++++ Task input ++++
lemma regular_if_not_in_spectrum:
  assumes "\<not> in_spectrum J U D t"
  shows "regular t"
proof -
  have surj: "\<And>f. sq_int D f \<Longrightarrow>
      \<exists>u. sq_int D u \<and> (AE x in lebesgue. x \<in> D \<longrightarrow> Jop J U u x - t * u x = f x)"
    and inj: "\<And>u. sq_int D u \<Longrightarrow> (AE x in lebesgue. x \<in> D \<longrightarrow> Jop J U u x = t * u x) \<Longrightarrow>
      (AE x in lebesgue. x \<in> D \<longrightarrow> u x = 0)"
    using assms unfolding in_spectrum_def by blast+
  have "\<exists>w. in_L2 D w \<and> (AE x in lebesgue. shift t w x = f x)" if f: "in_L2 D f" for f
  proof -
    obtain u where u: "sq_int D u" "AE x in lebesgue. x \<in> D \<longrightarrow> Jop J U u x - t * u x = f x"
      using surj[OF in_L2_imp_sq_int[OF f]] by blast
    define w where "w x = indicator D x * u x" for x
    have "AE x in lebesgue. shift t w x = f x"
      using u(2)
    proof eventually_elim
      case (elim x)
      show ?case
      proof (cases "x \<in> D")
        case True
        then show ?thesis using elim by (simp add: shift_def w_def[abs_def] JU_indicator_D Jop_eq_JU)
      next
        case False
        then have "x \<notin> U" using U_subset by blast
        then show ?thesis using False in_L2_outside[OF f False] by (simp add: shift_def w_def JU_outside)
      qed
    qed
    then show ?thesis using sq_int_imp_in_L2[OF u(1)] unfolding w_def by blast
  qed
  moreover have "AE x in lebesgue. w x = 0"
    if w: "in_L2 D w" and eigen: "AE x in lebesgue. JU w x = t * w x" for w
  proof -
    have "AE x in lebesgue. x \<in> D \<longrightarrow> Jop J U w x = t * w x"
      using eigen by eventually_elim (simp add: Jop_eq_JU)
    then have "AE x in lebesgue. x \<in> D \<longrightarrow> w x = 0"
      by (rule inj[OF in_L2_imp_sq_int[OF w]])
    then show ?thesis using in_L2_outside[OF w] by auto
  qed
  ultimately show ?thesis unfolding regular_def by blast
qed

lemma in_spectrum_0:
  assumes v: "in_L2 D v" "L2_sqnorm v > 0"
  shows "in_spectrum J U D 0"
proof (cases "U = {}")
  case True
  have "Jop J U v x = 0 * v x" for x using True by (simp add: Jop_def)
  moreover have "\<not> (AE x in lebesgue. x \<in> D \<longrightarrow> v x = 0)"
  proof
    assume "AE x in lebesgue. x \<in> D \<longrightarrow> v x = 0"
    then have "AE x in lebesgue. v x = 0" using in_L2_outside[OF v(1)] by auto
    then show False using v(2) L2_sqnorm_eq_0_iff[OF v(1)] by simp
  qed
  ultimately show ?thesis
    unfolding in_spectrum_def using in_L2_imp_sq_int[OF v(1)] by blast
next
  case False
  \<comment> \<open>\<open>J\<^sub>U u\<close> is bounded for every \<open>u\<close>, so \<open>J\<^sub>U\<close> misses the functions that are
    essentially unbounded on \<open>U\<close>.\<close>
  obtain f where f: "in_L2 D f" and unbounded: "\<And>M. \<not> (AE x in lebesgue. x \<in> U \<longrightarrow> f x \<le> M)"
    using in_L2_essentially_unbounded_on_open[OF open_U False U_subset] by blast
  have "\<not> (\<exists>u. sq_int D u \<and> (AE x in lebesgue. x \<in> D \<longrightarrow> Jop J U u x - 0 * u x = f x))"
  proof
    assume "\<exists>u. sq_int D u \<and> (AE x in lebesgue. x \<in> D \<longrightarrow> Jop J U u x - 0 * u x = f x)"
    then obtain u where u: "sq_int D u" "AE x in lebesgue. x \<in> D \<longrightarrow> JU u x = f x"
      by (auto simp: Jop_eq_JU)
    define M where "M = J 0 * L1_norm (\<lambda>x. indicator D x * u x)"
    have bound: "JU u x \<le> M" for x
      using JU_bound[OF sq_int_imp_in_L2[OF u(1)], of x] unfolding M_def JU_indicator_D by simp
    have "AE x in lebesgue. x \<in> U \<longrightarrow> f x \<le> M"
      using u(2)
    proof eventually_elim
      case (elim x)
      then show ?case using bound[of x] U_subset by auto
    qed
    then show False using unbounded by blast
  qed
  then show ?thesis unfolding in_spectrum_def using in_L2_imp_sq_int[OF f] by blast
qed

lemma in_spectrum_near_approximate_eigenvalue:
  assumes v: "in_L2 D v" "L2_sqnorm v > 0" and r: "r > 0"
    and approx: "L2_sqnorm (shift \<mu> v) < r\<^sup>2 * L2_sqnorm v"
  shows "\<exists>t. \<bar>t - \<mu>\<bar> < r \<and> in_spectrum J U D t"
proof (rule ccontr)
  assume "\<nexists>t. \<bar>t - \<mu>\<bar> < r \<and> in_spectrum J U D t"
  then have "regular t \<and> bounded_below t" if "\<bar>t - \<mu>\<bar> < r" for t
    using that regular_if_not_in_spectrum bounded_below_if_regular in_spectrum_0[OF v] by metis
  then have "r\<^sup>2 * L2_sqnorm v \<le> L2_sqnorm (shift \<mu> v)"
    by (rule sqnorm_shift_ge_if_regular_interval[OF r _ v(1)])
  then show False using approx by simp
qed

lemma L2_eigenfunction_if_is_eigenvalue:
  assumes "is_eigenvalue J U D \<mu>"
  obtains v where "in_L2 D v" "L2_sqnorm v > 0" "AE x in lebesgue. shift \<mu> v x = 0"
proof -
  obtain u where u: "sq_int D u" "\<not> (AE x in lebesgue. x \<in> D \<longrightarrow> u x = 0)"
    "AE x in lebesgue. x \<in> D \<longrightarrow> Jop J U u x = \<mu> * u x"
    using assms unfolding is_eigenvalue_def by blast
  define v where "v x = indicator D x * u x" for x
  have v: "in_L2 D v" unfolding v_def by (rule sq_int_imp_in_L2[OF u(1)])
  have "L2_sqnorm v \<noteq> 0"
  proof
    assume "L2_sqnorm v = 0"
    then have "AE x in lebesgue. v x = 0" using L2_sqnorm_eq_0_iff[OF v] by simp
    then have "AE x in lebesgue. x \<in> D \<longrightarrow> u x = 0" by eventually_elim (simp add: v_def indicator_def)
    then show False using u(2) by blast
  qed
  then have "L2_sqnorm v > 0" using L2_sqnorm_nonneg[of v] by linarith
  moreover have "AE x in lebesgue. shift \<mu> v x = 0"
    using u(3)
  proof eventually_elim
    case (elim x)
    show ?case
    proof (cases "x \<in> D")
      case True
      then show ?thesis using elim by (simp add: shift_def v_def[abs_def] JU_indicator_D Jop_eq_JU)
    next
      case False
      then have "x \<notin> U" using U_subset by blast
      with False show ?thesis by (simp add: shift_def v_def JU_outside)
    qed
  qed
  ultimately show ?thesis using that v by blast
qed

end

section \<open>Perturbation of the domain\<close>

context bounded_domain
begin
++++
## Exercise
Give the records above again, word for word.

## Problem solution
lemma regular_if_not_in_spectrum:
  assumes "\<not> in_spectrum J U D t"
  shows "regular t"
proof -
  have surj: "\<And>f. sq_int D f \<Longrightarrow>
      \<exists>u. sq_int D u \<and> (AE x in lebesgue. x \<in> D \<longrightarrow> Jop J U u x - t * u x = f x)"
    and inj: "\<And>u. sq_int D u \<Longrightarrow> (AE x in lebesgue. x \<in> D \<longrightarrow> Jop J U u x = t * u x) \<Longrightarrow>
      (AE x in lebesgue. x \<in> D \<longrightarrow> u x = 0)"
    using assms unfolding in_spectrum_def by blast+
  have "\<exists>w. in_L2 D w \<and> (AE x in lebesgue. shift t w x = f x)" if f: "in_L2 D f" for f
  proof -
    obtain u where u: "sq_int D u" "AE x in lebesgue. x \<in> D \<longrightarrow> Jop J U u x - t * u x = f x"
      using surj[OF in_L2_imp_sq_int[OF f]] by blast
    define w where "w x = indicator D x * u x" for x
    have "AE x in lebesgue. shift t w x = f x"
      using u(2)
    proof eventually_elim
      case (elim x)
      show ?case
      proof (cases "x \<in> D")
        case True
        then show ?thesis using elim by (simp add: shift_def w_def[abs_def] JU_indicator_D Jop_eq_JU)
      next
        case False
        then have "x \<notin> U" using U_subset by blast
        then show ?thesis using False in_L2_outside[OF f False] by (simp add: shift_def w_def JU_outside)
      qed
    qed
    then show ?thesis using sq_int_imp_in_L2[OF u(1)] unfolding w_def by blast
  qed
  moreover have "AE x in lebesgue. w x = 0"
    if w: "in_L2 D w" and eigen: "AE x in lebesgue. JU w x = t * w x" for w
  proof -
    have "AE x in lebesgue. x \<in> D \<longrightarrow> Jop J U w x = t * w x"
      using eigen by eventually_elim (simp add: Jop_eq_JU)
    then have "AE x in lebesgue. x \<in> D \<longrightarrow> w x = 0"
      by (rule inj[OF in_L2_imp_sq_int[OF w]])
    then show ?thesis using in_L2_outside[OF w] by auto
  qed
  ultimately show ?thesis unfolding regular_def by blast
qed

lemma in_spectrum_0:
  assumes v: "in_L2 D v" "L2_sqnorm v > 0"
  shows "in_spectrum J U D 0"
proof (cases "U = {}")
  case True
  have "Jop J U v x = 0 * v x" for x using True by (simp add: Jop_def)
  moreover have "\<not> (AE x in lebesgue. x \<in> D \<longrightarrow> v x = 0)"
  proof
    assume "AE x in lebesgue. x \<in> D \<longrightarrow> v x = 0"
    then have "AE x in lebesgue. v x = 0" using in_L2_outside[OF v(1)] by auto
    then show False using v(2) L2_sqnorm_eq_0_iff[OF v(1)] by simp
  qed
  ultimately show ?thesis
    unfolding in_spectrum_def using in_L2_imp_sq_int[OF v(1)] by blast
next
  case False
  \<comment> \<open>\<open>J\<^sub>U u\<close> is bounded for every \<open>u\<close>, so \<open>J\<^sub>U\<close> misses the functions that are
    essentially unbounded on \<open>U\<close>.\<close>
  obtain f where f: "in_L2 D f" and unbounded: "\<And>M. \<not> (AE x in lebesgue. x \<in> U \<longrightarrow> f x \<le> M)"
    using in_L2_essentially_unbounded_on_open[OF open_U False U_subset] by blast
  have "\<not> (\<exists>u. sq_int D u \<and> (AE x in lebesgue. x \<in> D \<longrightarrow> Jop J U u x - 0 * u x = f x))"
  proof
    assume "\<exists>u. sq_int D u \<and> (AE x in lebesgue. x \<in> D \<longrightarrow> Jop J U u x - 0 * u x = f x)"
    then obtain u where u: "sq_int D u" "AE x in lebesgue. x \<in> D \<longrightarrow> JU u x = f x"
      by (auto simp: Jop_eq_JU)
    define M where "M = J 0 * L1_norm (\<lambda>x. indicator D x * u x)"
    have bound: "JU u x \<le> M" for x
      using JU_bound[OF sq_int_imp_in_L2[OF u(1)], of x] unfolding M_def JU_indicator_D by simp
    have "AE x in lebesgue. x \<in> U \<longrightarrow> f x \<le> M"
      using u(2)
    proof eventually_elim
      case (elim x)
      then show ?case using bound[of x] U_subset by auto
    qed
    then show False using unbounded by blast
  qed
  then show ?thesis unfolding in_spectrum_def using in_L2_imp_sq_int[OF f] by blast
qed

lemma in_spectrum_near_approximate_eigenvalue:
  assumes v: "in_L2 D v" "L2_sqnorm v > 0" and r: "r > 0"
    and approx: "L2_sqnorm (shift \<mu> v) < r\<^sup>2 * L2_sqnorm v"
  shows "\<exists>t. \<bar>t - \<mu>\<bar> < r \<and> in_spectrum J U D t"
proof (rule ccontr)
  assume "\<nexists>t. \<bar>t - \<mu>\<bar> < r \<and> in_spectrum J U D t"
  then have "regular t \<and> bounded_below t" if "\<bar>t - \<mu>\<bar> < r" for t
    using that regular_if_not_in_spectrum bounded_below_if_regular in_spectrum_0[OF v] by metis
  then have "r\<^sup>2 * L2_sqnorm v \<le> L2_sqnorm (shift \<mu> v)"
    by (rule sqnorm_shift_ge_if_regular_interval[OF r _ v(1)])
  then show False using approx by simp
qed

lemma L2_eigenfunction_if_is_eigenvalue:
  assumes "is_eigenvalue J U D \<mu>"
  obtains v where "in_L2 D v" "L2_sqnorm v > 0" "AE x in lebesgue. shift \<mu> v x = 0"
proof -
  obtain u where u: "sq_int D u" "\<not> (AE x in lebesgue. x \<in> D \<longrightarrow> u x = 0)"
    "AE x in lebesgue. x \<in> D \<longrightarrow> Jop J U u x = \<mu> * u x"
    using assms unfolding is_eigenvalue_def by blast
  define v where "v x = indicator D x * u x" for x
  have v: "in_L2 D v" unfolding v_def by (rule sq_int_imp_in_L2[OF u(1)])
  have "L2_sqnorm v \<noteq> 0"
  proof
    assume "L2_sqnorm v = 0"
    then have "AE x in lebesgue. v x = 0" using L2_sqnorm_eq_0_iff[OF v] by simp
    then have "AE x in lebesgue. x \<in> D \<longrightarrow> u x = 0" by eventually_elim (simp add: v_def indicator_def)
    then show False using u(2) by blast
  qed
  then have "L2_sqnorm v > 0" using L2_sqnorm_nonneg[of v] by linarith
  moreover have "AE x in lebesgue. shift \<mu> v x = 0"
    using u(3)
  proof eventually_elim
    case (elim x)
    show ?case
    proof (cases "x \<in> D")
      case True
      then show ?thesis using elim by (simp add: shift_def v_def[abs_def] JU_indicator_D Jop_eq_JU)
    next
      case False
      then have "x \<notin> U" using U_subset by blast
      with False show ?thesis by (simp add: shift_def v_def JU_outside)
    qed
  qed
  ultimately show ?thesis using that v by blast
qed

end

section \<open>Perturbation of the domain\<close>

context bounded_domain
begin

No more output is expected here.